Volunteering in Liberia
Agnes Nyantie, Community Health Volunteer working in Liberia
Agnes Nyantie’s unassuming manner hides a spirit that will be key in overcoming Liberia’s Ebola crisis. The 42 year old mother of five goes on her daily door to door round of houses in the insanitary back alleys of West Point to offer people advice on the deadly virus.
Yards away from West Point’s narrow through road, with its bustling street-side markets and shops offering everything from dark brown smoked fish to dubious looking dentistry, Agnes talks calmly to families about how best to prevent catching Ebola and what to do if they suspect someone has it.
The spectre of Ebola tore through West Point some weeks ago, so much so that the government closed the place down and quarantined 80,000 people inside. The quarantine was supposed to be for 21 days and was met with an angry reaction. West Point is one of Monrovia poorest slums and with nothing coming in or going out people were running out of food and prices were rapidly rising. After 10 days of a stand-off and the shooting of three protestors, the government relented and lifted the quarantine.
Agnes is one of a 100 strong team of Community Health Volunteers who are the first line of defence in the battle against Ebola. She has been a volunteer for three years now. She used to get involved in efforts to deal with violence against women but now six days a week she does Ebola prevention visiting 20 homes a day.
Explaining what this deadly disease is to families in West Point is far from easy. She lifts her hands to her eyes and says “They say they can’t see it. They don’t know how Ebola came. How the sickness can come.”
Her efforts seem to be working though. "Ebola is dropping down and it is not the way it was before," she says and adds that in the past "people felt bad.
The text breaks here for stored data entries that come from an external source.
(* Fix one of the types I–V with data $J$, $(\phi_j)$, $(n_j)$ as in the context, let $H$ be continuous on $\mathbb{R}$, and fix an admissible index $i$ ($i=0$ for Type I; $i\in J\setminus\{\max J\}$ for Types II–V). Let $\mathbf{x}(s)$ be a solution of $$\mathbf{x}''(s)^\perp\cdot\mathbf{x}'(s)+\sum_{j\in J}\frac{n_j\,\mathbf{e}(\phi_j)\cdot\mathbf{x}'(s)}{\mathbf{e}(\phi_j)^\perp\cdot\mathbf{x}(s)}=(n-1)H(s),\qquad \|\mathbf{x}'(s)\|^2=1,$$ for $s$ near $0$, $s\neq0$ on one side of $0$, taking values in the sector $S_i$, and assume $$\lim_{s\to0}\mathbf{e}(\phi_i)^\perp\cdot\mathbf{x}(s)=0,\qquad \lim_{s\to0}\mathbf{x}(s)=\mathbf{x}_0\neq\mathbf{0}.$$ Then the limit of $\mathbf{x}'(s)$ as $s\to0$ exists and $\lim_{s\to0}\mathbf{e}(\phi_i)\cdot\mathbf{x}'(s)=0$.
   Context: For $\mathbf{a}=(a,b)\in\mathbb{R}^2$ write $\mathbf{a}^\perp=(-b,a)$; $\mathbf{e}(\phi)=(\cos\phi,\sin\phi)$, $\mathbf{e}(\phi)^\perp=(-\sin\phi,\cos\phi)$. Type data ($J$ a finite set of consecutive integers, $\sum_{j}n_j=n-2$): Type I: $J=\{0\}$, $\phi_0=0$, $n_0=n-2$, $n\ge3$. Type II: $J=\{0,1\}$, $\phi_0=0$, $\phi_1=\pi/2$, $n_0=m$, $n_1=\ell$ ($n=\ell+m+2$, $\ell,m\in\mathbb{N}$). Type III: $J=\{-1,0,1\}$, $\phi_j=j\pi/3$, $n_j\equiv c$ with $c\in\{1,2,4,8\}$ ($n=5,8,14,26$). Type IV: $J=\{-1,0,1,2\}$, $\phi_j=j\pi/4$, $n_{\pm1}=\ell$, $n_0=n_2=k$, $(k,\ell)\in\{(2,2),(5,4),(9,6),(m-2,1),(2m-3,2),(4m-5,4)\}$. Type V: $J=\{-2,\dots,3\}$, $\phi_j=j\pi/6$, $n_j\equiv c$ with $c\in\{1,2\}$. Sector: for Type I, $S_0=\{(x,y):y>0\}$; for Types II–V, $S_i=\{\mathbf{x}\in\mathbb{R}^2:\mathbf{e}(\phi_{i+1})^\perp\cdot\mathbf{x}<0<\mathbf{e}(\phi_i)^\perp\cdot\mathbf{x}\}$. *)

theory Defs
  imports "HOL-Analysis.Analysis"
begin

definition perp :: "real \<times> real \<Rightarrow> real \<times> real" where
  "perp v = (- snd v, fst v)"

definition evec :: "real \<Rightarrow> real \<times> real" where
  "evec \<phi> = (cos \<phi>, sin \<phi>)"

text \<open>Type data: t \<in> {1..5} is the type (I..V), J the index set, phi the angles,
  nn the multiplicities n_j, n the dimension parameter.\<close>

definition type_data :: "nat \<Rightarrow> int set \<Rightarrow> (int \<Rightarrow> real) \<Rightarrow> (int \<Rightarrow> nat) \<Rightarrow> nat \<Rightarrow> bool" where
  "type_data t J phi nn n \<longleftrightarrow>
     (t = 1 \<and> J = {0} \<and> phi 0 = 0 \<and> n \<ge> 3 \<and> nn 0 = n - 2)
   \<or> (t = 2 \<and> J = {0, 1} \<and> phi 0 = 0 \<and> phi 1 = pi / 2 \<and>
        (\<exists>m l. m \<ge> 1 \<and> l \<ge> 1 \<and> nn 0 = m \<and> nn 1 = l \<and> n = l + m + 2))
   \<or> (t = 3 \<and> J = {-1, 0, 1} \<and> (\<forall>j\<in>J. phi j = real_of_int j * pi / 3) \<and>
        (\<exists>c\<in>{1, 2, 4, 8}. (\<forall>j\<in>J. nn j = c) \<and> n = 3 * c + 2))
   \<or> (t = 4 \<and> J = {-1, 0, 1, 2} \<and> (\<forall>j\<in>J. phi j = real_of_int j * pi / 4) \<and>
        (\<exists>k l. nn (-1) = l \<and> nn 1 = l \<and> nn 0 = k \<and> nn 2 = k \<and> k \<ge> 1 \<and>
           ((k, l) \<in> {(2, 2), (5, 4), (9, 6)} \<or>
            (\<exists>m::int. (int k = m - 2 \<and> l = 1) \<or> (int k = 2 * m - 3 \<and> l = 2)
                      \<or> (int k = 4 * m - 5 \<and> l = 4))) \<and>
           n = 2 * k + 2 * l + 2))
   \<or> (t = 5 \<and> J = {-2..3} \<and> (\<forall>j\<in>J. phi j = real_of_int j * pi / 6) \<and>
        (\<exists>c\<in>{1, 2}. (\<forall>j\<in>J. nn j = c) \<and> n = 6 * c + 2))"

definition admissible :: "nat \<Rightarrow> int set \<Rightarrow> int \<Rightarrow> bool" where
  "admissible t J i \<longleftrightarrow> (if t = 1 then i = 0 else i \<in> J - {Max J})"

definition sector :: "nat \<Rightarrow> (int \<Rightarrow> real) \<Rightarrow> int \<Rightarrow> (real \<times> real) set" where
  "sector t phi i =
     (if t = 1 then {p. snd p > 0}
      else {p. perp (evec (phi (i + 1))) \<bullet> p < 0 \<and> 0 < perp (evec (phi i)) \<bullet> p})"

end

theory Submission
  imports Defs
begin

text \<open>Let \<open>u = e(\<phi>\<^sub>i)\<^sup>\<bottom> \<cdot> x\<close> be the distance to the wall \<open>i\<close>, \<open>w = u'\<close> and \<open>c = e(\<phi>\<^sub>i) \<cdot> x'\<close>,
  so \<open>c\<^sup>2 + w\<^sup>2 = 1\<close>. Since \<open>x''\<close> is orthogonal to the unit vector \<open>x'\<close>, the curve equation gives
  \<open>w' = c (n\<^sub>i c / u + r)\<close>, where the remaining terms \<open>r\<close> stay bounded because \<open>x\<^sub>0 \<noteq> 0\<close> lies on
  no other wall; hence \<open>w' \<ge> n\<^sub>i (1 - w\<^sup>2) / u - M\<close>. On the side \<open>s > 0\<close> this makes \<open>w + M s\<close>
  nondecreasing, and it is positive because \<open>u > 0\<close> and \<open>u \<rightarrow> 0\<close>. If it were below 1 somewhere,
  \<open>|w|\<close> would stay below some \<open>\<beta> < 1\<close> near 0 and, since \<open>u(s) \<le> s\<close>, its derivative would be at
  least \<open>n\<^sub>i (1 - \<beta>\<^sup>2) / s\<close>, which is not integrable at 0. So \<open>w \<rightarrow> 1\<close> (and \<open>w \<rightarrow> -1\<close> for
  \<open>s < 0\<close>, by reflection), whence \<open>c \<rightarrow> 0\<close> and \<open>x' = c e(\<phi>\<^sub>i) + w e(\<phi>\<^sub>i)\<^sup>\<bottom>\<close> converges.\<close>

section \<open>Planar geometry and unit-speed curves\<close>

lemma inner_perp_evec_evec: "perp (evec \<psi>) \<bullet> evec \<phi> = sin (\<phi> - \<psi>)"
  by (simp add: perp_def evec_def inner_Pair sin_diff algebra_simps)

lemma evec_perp_decomp: "v = (evec \<phi> \<bullet> v) *\<^sub>R evec \<phi> + (perp (evec \<phi>) \<bullet> v) *\<^sub>R perp (evec \<phi>)"
proof (cases v)
  case (Pair a b)
  have "(cos \<phi>)\<^sup>2 + (sin \<phi>)\<^sup>2 = 1" by simp
  then have "a = (cos \<phi> * a + sin \<phi> * b) * cos \<phi> - (cos \<phi> * b - sin \<phi> * a) * sin \<phi>"
    and "b = (cos \<phi> * a + sin \<phi> * b) * sin \<phi> + (cos \<phi> * b - sin \<phi> * a) * cos \<phi>"
    by algebra+
  then show ?thesis using Pair by (simp add: perp_def evec_def inner_Pair algebra_simps)
qed

lemma inner_evec_sq_add_inner_perp_sq: "(evec \<phi> \<bullet> v)\<^sup>2 + (perp (evec \<phi>) \<bullet> v)\<^sup>2 = (norm v)\<^sup>2"
proof (cases v)
  case (Pair a b)
  have "(cos \<phi>)\<^sup>2 + (sin \<phi>)\<^sup>2 = 1" by simp
  then have "(cos \<phi> * a + sin \<phi> * b)\<^sup>2 + (cos \<phi> * b - sin \<phi> * a)\<^sup>2 = a\<^sup>2 + b\<^sup>2"
    by algebra
  then show ?thesis using Pair by (simp add: perp_def evec_def inner_Pair norm_Pair algebra_simps)
qed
They can't see Ebola. They don't know how people get it. They want it to go away. Then we rest in peace."
On her Ebola visit forms, which she fills out meticulously, she collects comments from people she has spoken to. The three she had collected this morning read: Ebola is going down. We feel fine now not like before. Want more doctors and medicines.
Regular hand washing is important and outside just about every shop at the market are buckets with a tap for people to wash their hands before entering. In West Point’s overcrowded slum with its pools of stagnant water made worse by recent rains there are hand washing buckets as well. People are using them regularly and Agnes makes sure she reminds them on her daily rounds.
The rate of increase in Ebola cases appears to be slowing down in Liberia. In West Point Agnes says that the sound of ambulances that used to rush through it main street is not so frequent and it is about a month since there has been a case in her neighbourhood.
Time will tell whether the slowdown in the increase of new cases is part of an ongoing trend or just a statistical blip. Whatever the case, it is clear in West Point there is not enough help coming in.
Oxfam has provided 2,000 family hygiene kits in this area which is enough for 14,000 people and though West Point’s energetic Commissioner, Miatta Flowers, is clearly grateful she says her area needs much more. “The material is very little and the demand is high,” she says. She is worried that not having enough for the people of densely packed West Point is creating tension.
As we left, feeling that maybe we had seen signs that this was the beginning of the end for Ebola in West Point we were given a reminder that it is far from over. Heading towards Monrovia a posse of ambulances and pickups passed in front of us. “Dead bodies,” said my Liberian colleagues.